The majority of interesting phenotypes are polygenic in nature, but conventional methods for computing sets of SNPs which are statistically associated with a particular phenotype are computationally intractable. In this project, participants will develop an open-source interpretable deep learning framework for predicting phenotypes given SNPs, and detecting epistatic interactions between these SNPs.
Deep learning has experienced an explosion in interest in the bioinformatics community owing to the abundance of both big datasets and cheap computing resources. However, one flaw of conventional deep neural networks is that the models are often hard to interpret - it is very hard to understand why a deep neural network makes the decisions that it makes. For problems such as image classification and speech recognition (two fields which have been revolutionized by deep learning), this isn't a huge issue because performance is more important than interpretability. However, interpretation in the biological sciences is important for many reasons, one being that understanding the inner workings of a well-trained model might reveal hidden biological relationships in the datasets.
A few years ago, a google engineer by the name of Alexander Mordvintsec created a computer vision program called "DeepDream" that provides a way to understand the reasoning behind convolutional neural network models (a popular deep neural network architecture for image recognition) by visualizing the sort of "patterns" that the CNN looks for when making a classification. Algorithmically, DeepDream creates images that maximize the activation of user-specified neurons in the CNN. For example, you can use DeepDream to maximize the activation of the neuron that predicts dumbbells, and you'll find that the CNN often looks for arms holding onto dumbbells to make that prediction. Hilarious! Check out the blog post to find out more about DeepDream.
We'll be applying a similar idea to a neural network that predicts antibiotic resistance in Mycobacterium tuberculosis isolates given their SNPs.
This project will involve two main parts:
- Train a deep learning model to predict antibiotic resistance in tuberculosis isolates given their SNPs.
- Implement a combinatorial optimization algorithm (e.g. simulated annealing or genetic algorithm) that chooses a set of SNPs that maximizes the activation of the antibiotic resistance prediction neuron (the final neuron in the network).
For creating and training the deep learning model, we'll follow the methodology described in this paper.

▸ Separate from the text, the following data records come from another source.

(* Let $G$ and $H$ be cyclically orderable graphs with $|V(G)|=|V(H)|$ and $|E(G)|=|E(H)|$. Then for any $u\in V(G)$ and $v\in V(H)$, the series composition $G\oplus H$ obtained by gluing $u$ and $v$ is cyclically orderable.
   Context: A cyclic base ordering (CBO) of a connected graph $G$ is a bijection $\mathcal{O}:E(G)\to\{1,\dots,|E(G)|\}$ such that for every $i\in\{1,\dots,|E(G)|\}$ the edges $\mathcal{O}^{-1}(i),\dots,\mathcal{O}^{-1}(i+|V(G)|-2)$ (indices taken cyclically modulo $|E(G)|$) induce a spanning tree of $G$; $G$ is cyclically orderable if it has a CBO. Given graphs $G$ and $H$ (vertex-disjoint) with $u\in V(G)$ and $v\in V(H)$, the series composition (1-sum) $G\oplus H$ is the graph obtained from the disjoint union of $G$ and $H$ by identifying $u$ and $v$ into a single vertex. *)

theory Defs
  imports Main
begin

text \<open>A (finite multi)graph is given by a vertex set V, an edge set E and an
incidence map inc assigning to each edge its set of endpoints (one endpoint for
a loop, two otherwise). Parallel edges are allowed since edges are abstract.\<close>

definition graph :: "'v set \<Rightarrow> 'e set \<Rightarrow> ('e \<Rightarrow> 'v set) \<Rightarrow> bool" where
  "graph V E inc \<longleftrightarrow> finite V \<and> finite E \<and>
     (\<forall>e\<in>E. inc e \<subseteq> V \<and> 1 \<le> card (inc e) \<and> card (inc e) \<le> 2)"

definition adj :: "'e set \<Rightarrow> ('e \<Rightarrow> 'v set) \<Rightarrow> ('v \<times> 'v) set" where
  "adj F inc = {(x, y). \<exists>e\<in>F. x \<in> inc e \<and> y \<in> inc e}"

definition connected_on :: "'v set \<Rightarrow> 'e set \<Rightarrow> ('e \<Rightarrow> 'v set) \<Rightarrow> bool" where
  "connected_on V F inc \<longleftrightarrow> V \<noteq> {} \<and> (\<forall>x\<in>V. \<forall>y\<in>V. (x, y) \<in> (adj F inc)\<^sup>*)"

definition spanning_tree :: "'v set \<Rightarrow> 'e set \<Rightarrow> ('e \<Rightarrow> 'v set) \<Rightarrow> 'e set \<Rightarrow> bool" where
  "spanning_tree V E inc F \<longleftrightarrow> F \<subseteq> E \<and> connected_on V F inc \<and>
     (\<forall>e\<in>F. \<not> connected_on V (F - {e}) inc)"

definition window :: "'e set \<Rightarrow> ('e \<Rightarrow> nat) \<Rightarrow> nat \<Rightarrow> nat \<Rightarrow> 'e set" where
  "window E ord i k = {e\<in>E. \<exists>j<k. ord e = ((i - 1 + j) mod card E) + 1}"

definition CBO :: "'v set \<Rightarrow> 'e set \<Rightarrow> ('e \<Rightarrow> 'v set) \<Rightarrow> ('e \<Rightarrow> nat) \<Rightarrow> bool" where
  "CBO V E inc ord \<longleftrightarrow> bij_betw ord E {1..card E} \<and>
     (\<forall>i\<in>{1..card E}. spanning_tree V E inc (window E ord i (card V - 1)))"

definition cyclically_orderable :: "'v set \<Rightarrow> 'e set \<Rightarrow> ('e \<Rightarrow> 'v set) \<Rightarrow> bool" where
  "cyclically_orderable V E inc \<longleftrightarrow> connected_on V E inc \<and> (\<exists>ord. CBO V E inc ord)"

text \<open>Series composition (1-sum): disjoint union of G and H with u and v identified
(the identified vertex is represented by Inl u).\<close>
definition glue_vtx :: "'v \<Rightarrow> 'w \<Rightarrow> 'w \<Rightarrow> 'v + 'w" where
  "glue_vtx u v y = (if y = v then Inl u else Inr y)"

definition sc_V :: "'v set \<Rightarrow> 'w set \<Rightarrow> 'v \<Rightarrow> 'w \<Rightarrow> ('v + 'w) set" where
  "sc_V VG VH u v = Inl ` VG \<union> glue_vtx u v ` VH"

definition sc_E :: "'e set \<Rightarrow> 'f set \<Rightarrow> ('e + 'f) set" where
  "sc_E EG EH = Inl ` EG \<union> Inr ` EH"

definition sc_inc :: "('e \<Rightarrow> 'v set) \<Rightarrow> ('f \<Rightarrow> 'w set) \<Rightarrow> 'v \<Rightarrow> 'w \<Rightarrow> 'e + 'f \<Rightarrow> ('v + 'w) set" where
  "sc_inc incG incH u v x = (case x of Inl e \<Rightarrow> Inl ` incG e | Inr f \<Rightarrow> glue_vtx u v ` incH f)"

end

theory Submission
  imports Defs
begin

text \<open>Give the edges of G the odd positions and the edges of H the even positions,
keeping each cyclic order: e in G gets position 2 ordG(e) - 1, f in H gets 2 ordH(f).
Since G \<oplus> H has 2n - 1 vertices and 2m edges, a window of 2(n - 1) consecutive positions
consists of n - 1 cyclically consecutive edges of G and n - 1 of H, i.e. of a spanning tree
of G and a spanning tree of H. Glued at a single vertex these form a spanning tree of
G \<oplus> H, because connectivity of a spanning subgraph of G \<oplus> H is equivalent to
connectivity of its two halves.\<close>

lemma rtrancl_adj_map:
  assumes "(x, y) \<in> (adj F inc)\<^sup>*"
    and "\<And>e x y. e \<in> F \<Longrightarrow> x \<in> inc e \<Longrightarrow> y \<in> inc e \<Longrightarrow> (f x, f y) \<in> (adj F' inc')\<^sup>="
  shows "(f x, f y) \<in> (adj F' inc')\<^sup>*"
  using assms(1)
proof (induction rule: rtrancl_induct)
  case (step y z)
  then have "(f y, f z) \<in> (adj F' inc')\<^sup>="
    using assms(2) unfolding adj_def by blast
  with step.IH show ?case by auto
qed simp

lemma rtrancl_adj_sc_Inl:
  assumes "(x, y) \<in> (adj A incG)\<^sup>*"
  shows "(Inl x, Inl y) \<in> (adj (Inl ` A \<union> Inr ` B) (sc_inc incG incH u v))\<^sup>*"
  using assms by (rule rtrancl_adj_map) (force simp: adj_def sc_inc_def)

lemma rtrancl_adj_sc_glue_vtx:
  assumes "(x, y) \<in> (adj B incH)\<^sup>*"
  shows "(glue_vtx u v x, glue_vtx u v y) \<in> (adj (Inl ` A \<union> Inr ` B) (sc_inc incG incH u v))\<^sup>*"
  using assms by (rule rtrancl_adj_map) (force simp: adj_def sc_inc_def)

lemma rtrancl_adj_sc_collapse_H:
  assumes "(a, b) \<in> (adj (Inl ` A \<union> Inr ` B) (sc_inc incG incH u v))\<^sup>*"
  shows "(case_sum id (\<lambda>_. u) a, case_sum id (\<lambda>_. u) b) \<in> (adj A incG)\<^sup>*"
  using assms
  by (rule rtrancl_adj_map) (force simp: adj_def sc_inc_def glue_vtx_def split: sum.splits)

lemma rtrancl_adj_sc_collapse_G:
  assumes "(a, b) \<in> (adj (Inl ` A \<union> Inr ` B) (sc_inc incG incH u v))\<^sup>*"
  shows "(case_sum (\<lambda>_. v) id a, case_sum (\<lambda>_. v) id b) \<in> (adj B incH)\<^sup>*"
  using assms
  by (rule rtrancl_adj_map) (force simp: adj_def sc_inc_def glue_vtx_def split: sum.splits)

lemma glue_vtx_inverse: "case_sum (\<lambda>_. v) id (glue_vtx u v y) = y"
  by (simp add: glue_vtx_def)

lemma connected_on_sc_iff:
  assumes "u \<in> VG" and "v \<in> VH"
  shows "connected_on (sc_V VG VH u v) (Inl ` A \<union> Inr ` B) (sc_inc incG incH u v)
    \<longleftrightarrow> connected_on VG A incG \<and> connected_on VH B incH"
    (is "connected_on ?V ?F ?inc \<longleftrightarrow> _")
proof
  let ?R = "(adj ?F ?inc)\<^sup>*"
  assume conn: "connected_on ?V ?F ?inc"
  have "(x, y) \<in> (adj A incG)\<^sup>*" if "x \<in> VG" "y \<in> VG" for x y
  proof -
    have "(Inl x, Inl y) \<in> ?R"
      using conn that unfolding connected_on_def sc_V_def by blast
    then show ?thesis
      using rtrancl_adj_sc_collapse_H by fastforce
  qed
  moreover have "(x, y) \<in> (adj B incH)\<^sup>*" if "x \<in> VH" "y \<in> VH" for x y
  proof -
    have "(glue_vtx u v x, glue_vtx u v y) \<in> ?R"
      using conn that unfolding connected_on_def sc_V_def by blast
    then show ?thesis
      using rtrancl_adj_sc_collapse_G by (fastforce simp: glue_vtx_inverse)
  qed
  ultimately show "connected_on VG A incG \<and> connected_on VH B incH"
    using assms unfolding connected_on_def by blast
next
  let ?R = "(adj ?F ?inc)\<^sup>*"
  assume conn: "connected_on VG A incG \<and> connected_on VH B incH"
  have "(Inl x, Inl u) \<in> ?R \<and> (Inl u, Inl x) \<in> ?R" if "x \<in> VG" for x
  proof -
    have "(x, u) \<in> (adj A incG)\<^sup>*" "(u, x) \<in> (adj A incG)\<^sup>*"
      using conn that assms unfolding connected_on_def by blast+
    then show ?thesis
      by (simp add: rtrancl_adj_sc_Inl)
  qed
  moreover have "(glue_vtx u v y, Inl u) \<in> ?R \<and> (Inl u, glue_vtx u v y) \<in> ?R" if "y \<in> VH" for y
  proof -
    have "(y, v) \<in> (adj B incH)\<^sup>*" "(v, y) \<in> (adj B incH)\<^sup>*"
      using conn that assms unfolding connected_on_def by blast+
    then have "(glue_vtx u v y, glue_vtx u v v) \<in> ?R" "(glue_vtx u v v, glue_vtx u v y) \<in> ?R"
      by (simp_all add: rtrancl_adj_sc_glue_vtx)
    then show ?thesis
      by (simp add: glue_vtx_def)
  qed
  ultimately have "(x, Inl u) \<in> ?R \<and> (Inl u, x) \<in> ?R" if "x \<in> ?V" for x
    using that unfolding sc_V_def by blast
  then show "connected_on ?V ?F ?inc"
    using assms unfolding connected_on_def sc_V_def by (blast intro: rtrancl_trans)
qed

lemma spanning_tree_sc:
  assumes G: "spanning_tree VG EG incG TG" and H: "spanning_tree VH EH incH TH"
    and "u \<in> VG" and "v \<in> VH"
  shows "spanning_tree (sc_V VG VH u v) (sc_E EG EH) (sc_inc incG incH u v) (Inl ` TG \<union> Inr ` TH)"
  unfolding spanning_tree_def
proof (intro conjI ballI)
  show "Inl ` TG \<union> Inr ` TH \<subseteq> sc_E EG EH"
    using G H unfolding spanning_tree_def sc_E_def by blast
  show "connected_on (sc_V VG VH u v) (Inl ` TG \<union> Inr ` TH) (sc_inc incG incH u v)"
    using G H unfolding spanning_tree_def connected_on_sc_iff[OF assms(3,4)] by blast
  fix x
  assume "x \<in> Inl ` TG \<union> Inr ` TH"
  then consider e where "e \<in> TG" "x = Inl e" | f where "f \<in> TH" "x = Inr f"
    by blast
  then show "\<not> connected_on (sc_V VG VH u v) (Inl ` TG \<union> Inr ` TH - {x}) (sc_inc incG incH u v)"
  proof cases
    case 1
    then have eq: "Inl ` TG \<union> Inr ` TH - {x} = Inl ` (TG - {e}) \<union> Inr ` TH"
      by blast
    have "\<not> connected_on VG (TG - {e}) incG"
      using G 1 unfolding spanning_tree_def by blast
    then show ?thesis
      unfolding eq connected_on_sc_iff[OF assms(3,4)] by blast
  next
    case 2
    then have eq: "Inl ` TG \<union> Inr ` TH - {x} = Inl ` TG \<union> Inr ` (TH - {f})"
      by blast
    have "\<not> connected_on VH (TH - {f}) incH"
      using H 2 unfolding spanning_tree_def by blast
    then show ?thesis
      unfolding eq connected_on_sc_iff[OF assms(3,4)] by blast
  qed
qed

They used a stacked autoencoder to predict preterm birth classification in women given the women's SNPs.
For the combinatorial optimization algorithm, we'll either use a simulated annealing algorithm or a genetic algorithm to choose a set of SNPs which maximize the activation of the final prediction neuron.
You may be wondering why we're maximizing the activation of the final prediction neuron, and what it means biologically for a set of SNPs to maximize the activation. Good question! I'll explain with some mathematical notation (bare with me).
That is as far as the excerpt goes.